text \<open>The terms of DU and UD that add one cell and remove a different one agree, because ideals
  are closed under intersection and union; only the diagonal terms survive.\<close>

lemma down_up_commutator_weight_balance:
  assumes L: "L \<in> rect_ideals m n"
  shows "down_op m n (up_op m n y) L = up_op m n (down_op m n y) L + weight_balance m n L * y L"
proof -
  let ?X = "rect_ideals m n" and ?w = "cell_weight m n" and ?C = "cells m n"
  define F where "F a b = (if a \<notin> L \<and> insert a L \<in> ?X \<and> b \<in> insert a L \<and> insert a L - {b} \<in> ?X
      then ?w a * y (insert a L - {b}) else 0)" for a b
  define G where "G a b = (if b \<in> L \<and> L - {b} \<in> ?X \<and> a \<notin> L - {b} \<and> insert a (L - {b}) \<in> ?X
      then ?w a * y (insert a (L - {b})) else 0)" for a b
  have off_diagonal: "F a b = G a b" if "a \<noteq> b" for a b
    using add_remove_commute_in_rect_ideals[OF L that] that by (auto simp: F_def G_def insert_Diff_if)
  have diagonal: "F a a - G a a = (of_bool (addable L a) - of_bool (removable L a)) * ?w a * y L"
    if "a \<in> ?C" for a
    using that insert_in_rect_ideals_iff[OF L, of a] remove_in_rect_ideals_iff[OF L, of a] L
    by (auto simp: F_def G_def insert_absorb left_diff_distrib)
  have "(\<Sum>b\<in>?C. F a b) - (\<Sum>b\<in>?C. G a b) = F a a - G a a" if "a \<in> ?C" for a
  proof -
    have "(\<Sum>b\<in>?C - {a}. F a b) = (\<Sum>b\<in>?C - {a}. G a b)"
      by (rule sum.cong) (auto intro: off_diagonal)
    thus ?thesis
      using that by (simp add: sum.remove)
  qed
  hence "(\<Sum>a\<in>?C. \<Sum>b\<in>?C. F a b) - (\<Sum>a\<in>?C. \<Sum>b\<in>?C. G a b) = weight_balance m n L * y L"
    by (simp add: weight_balance_def diagonal sum_distrib_right flip: sum_subtractf)
  moreover have "down_op m n (up_op m n y) L = (\<Sum>a\<in>?C. \<Sum>b\<in>?C. F a b)"
    unfolding down_op_def up_op_def F_def by (rule sum.cong) (auto simp: sum_distrib_left intro!: sum.cong)
  moreover have "up_op m n (down_op m n y) L = (\<Sum>a\<in>?C. \<Sum>b\<in>?C. G a b)"
    unfolding down_op_def up_op_def G_def by (subst sum.swap) (rule sum.cong, auto intro!: sum.cong)
  ultimately show ?thesis
    by simp
qed
lemma coreflexive_rectangle_below_simple:
  assumes "P \<le> 1" and "rectangle P" and "p \<le> P" and "simple p"
  shows "P \<le> p"
proof -
  have Pp: "P * p = p" and pP: "p * P = p"
    using assms(1,3) order_trans[OF assms(3,1)] coreflexive_comp_inf inf.absorb1 inf.absorb2
    by metis+
  have "P = P * P * P"
    using coreflexive_idempotent[OF assms(1)] by simp
  also have "\<dots> \<le> P * top * P"
    by (intro comp_isotone order.refl top_greatest)
  also have "\<dots> = (P * top * P) * p * top * P"
    using assms(4) Pp unfolding simple_def by (metis mult.assoc)
  also have "\<dots> \<le> P * p * top * P"
    using assms(2) unfolding rectangle_def by (intro comp_isotone order.refl)
  also have "\<dots> = p * (P * top * P)"
    using Pp pP by (metis mult.assoc)
  also have "\<dots> \<le> p * P"
    using assms(2) unfolding rectangle_def by (rule comp_right_isotone)
  finally show ?thesis
    using pP by simp
qed

lemma simple_below_rectangle_eq:
  assumes "p \<le> 1" and "q \<le> 1" and "rectangle p" and "rectangle q"
    and "simple a" and "a \<le> p * top * q"
  shows "a = p * top * q"
proof (rule order.antisym[OF assms(6)])
  have pa: "p * a = a"
    using assms(1,6) coreflexive_comp_absorb_left by (simp add: mult.assoc)
  have aq: "a * q = a"
    using assms(2,6) coreflexive_comp_absorb_right by simp
  have "p * top * q = (p * top * p) * a * (q * top * q)"
    using assms(5) pa aq unfolding simple_def by (metis mult.assoc)
  also have "\<dots> \<le> p * a * q"
    using assms(3,4) unfolding rectangle_def by (intro comp_isotone order.refl)
  finally show "p * top * q \<le> a"
    using pa aq by simp
qed

lemma coreflexives_comp_below_inf:
  assumes "p \<le> 1" and "q \<le> 1"
  shows "p * x * q \<le> inf x (p * top * q)"
proof -
  have "p * x * q \<le> 1 * x * 1"
    using assms by (intro comp_isotone order.refl)
  moreover have "p * x * q \<le> p * top * q"
    by (intro comp_isotone order.refl top_greatest)
  ultimately show ?thesis
    by simp
qed

lemma rectangles_comp_simple:
  assumes "r \<le> 1" and "simple r"
  shows "(p * top * r) * (r * top * q) = p * top * q"
  using assms coreflexive_idempotent unfolding simple_def by (metis mult.assoc)

lemma atom_nonzero: "atom a \<Longrightarrow> a \<noteq> bot"
  by (simp add: atom_def)

lemma atom_below_or_below_p: "atom a \<Longrightarrow> a \<le> x \<or> a \<le> - x"
  unfolding atom_def by (metis inf.cobounded1 inf.cobounded2 pseudo_complement)

lemma atom_not_below_both: "atom a \<Longrightarrow> a \<le> x \<Longrightarrow> \<not> a \<le> - x"
  by (metis atom_nonzero inf_p le_inf_iff bot.extremum_unique)

lemma atom_eq_if_inf_nonzero: "atom a \<Longrightarrow> atom b \<Longrightarrow> inf a b \<noteq> bot \<Longrightarrow> a = b"
  unfolding atom_def by (metis inf.cobounded1 inf.cobounded2)

lemma atom_below_if_inf_nonzero: "atom a \<Longrightarrow> inf x a \<noteq> bot \<Longrightarrow> a \<le> x"
  unfolding atom_def by (metis inf.cobounded1 inf.cobounded2)

lemma atom_below_sup:
  assumes "atom a" and "a \<le> sup x y"
  shows "a \<le> x \<or> a \<le> y"
proof -
  have "sup (inf x a) (inf y a) = a"
    using assms(2) by (simp add: inf.absorb2 flip: inf_sup_distrib2)
  then have "inf x a \<noteq> bot \<or> inf y a \<noteq> bot"
    using atom_nonzero[OF assms(1)] by auto
  then show ?thesis
    using atom_below_if_inf_nonzero[OF assms(1)] by blast
qed

definition is_representation :: "'b set \<Rightarrow> ('a \<Rightarrow> ('b \<times> 'b) set) \<Rightarrow> bool" where
  "is_representation A f \<longleftrightarrow> inj f \<and>
     (\<forall>x y. f (sup x y) = f x \<union> f y) \<and> (\<forall>x y. f (inf x y) = f x \<inter> f y) \<and>
     (\<forall>x. f (- x) = A \<times> A - f x) \<and> (\<forall>x y. f (x * y) = f x O f y) \<and>
     (\<forall>x. f (conv x) = (f x)\<inverse>) \<and> f bot = {} \<and> f top = A \<times> A \<and> f 1 = Id_on A"

lemma is_representation_image:
  assumes "is_representation A f" and "inj_on h A"
  shows "is_representation (h ` A) (\<lambda>x. map_prod h h ` f x)"
proof -
  let ?H = "map_prod h h"
  have f_inj: "inj f"
    and f_sup: "\<And>x y. f (sup x y) = f x \<union> f y"
    and f_inf: "\<And>x y. f (inf x y) = f x \<inter> f y"
    and f_p: "\<And>x. f (- x) = A \<times> A - f x"
    and f_comp: "\<And>x y. f (x * y) = f x O f y"
    and f_conv: "\<And>x. f (conv x) = (f x)\<inverse>"
    and f_bot: "f bot = {}" and f_top: "f top = A \<times> A" and f_one: "f 1 = Id_on A"
    using assms(1) unfolding is_representation_def by simp_all
  have inj_H: "inj_on ?H (A \<times> A)"
    using assms(2) assms(2) by (rule map_prod_inj_on)
  have H_square: "?H ` (A \<times> A) = h ` A \<times> h ` A"
    by (rule map_prod_surj_on) simp_all
  have f_square: "f x \<subseteq> A \<times> A" for x
    using f_sup[of x top] f_top by (metis sup_top_right Un_upper1)
  have "inj (\<lambda>x. ?H ` f x)"
  proof (rule injI)
    fix x y
    assume "?H ` f x = ?H ` f y"
    then have "f x = f y"
      by (simp add: inj_on_image_eq_iff[OF inj_H f_square f_square])
    then show "x = y"
      by (rule injD[OF f_inj])
  qed
  moreover have "?H ` f (- x) = h ` A \<times> h ` A - ?H ` f x" for x
    using inj_on_image_set_diff[OF inj_H Diff_subset f_square] by (simp add: f_p H_square)
  moreover have "?H ` f (x * y) = ?H ` f x O ?H ` f y" for x y
    by (simp add: f_comp map_prod_image_relcomp[OF assms(2) f_square f_square])
  moreover have "?H ` f (inf x y) = ?H ` f x \<inter> ?H ` f y" for x y
    by (simp add: f_inf inj_on_image_Int[OF inj_H f_square f_square])
  moreover have "?H ` f (conv x) = (?H ` f x)\<inverse>" for x
    by (intro subset_antisym subrelI) (auto simp: f_conv mem_map_prod_image)
  moreover have "?H ` f 1 = Id_on (h ` A)"
    by (intro subset_antisym subrelI) (auto simp: f_one mem_map_prod_image Id_on_iff)
  ultimately show ?thesis
    unfolding is_representation_def by (simp add: f_sup f_bot f_top H_square image_Un)
qed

┄┄┄┄┄┄┄┄┄┄

*WHAT IS BEING ASKED*
Going through the entries above, count the lines that include "forall" and state only the result.

*RESPONSE BOX*
3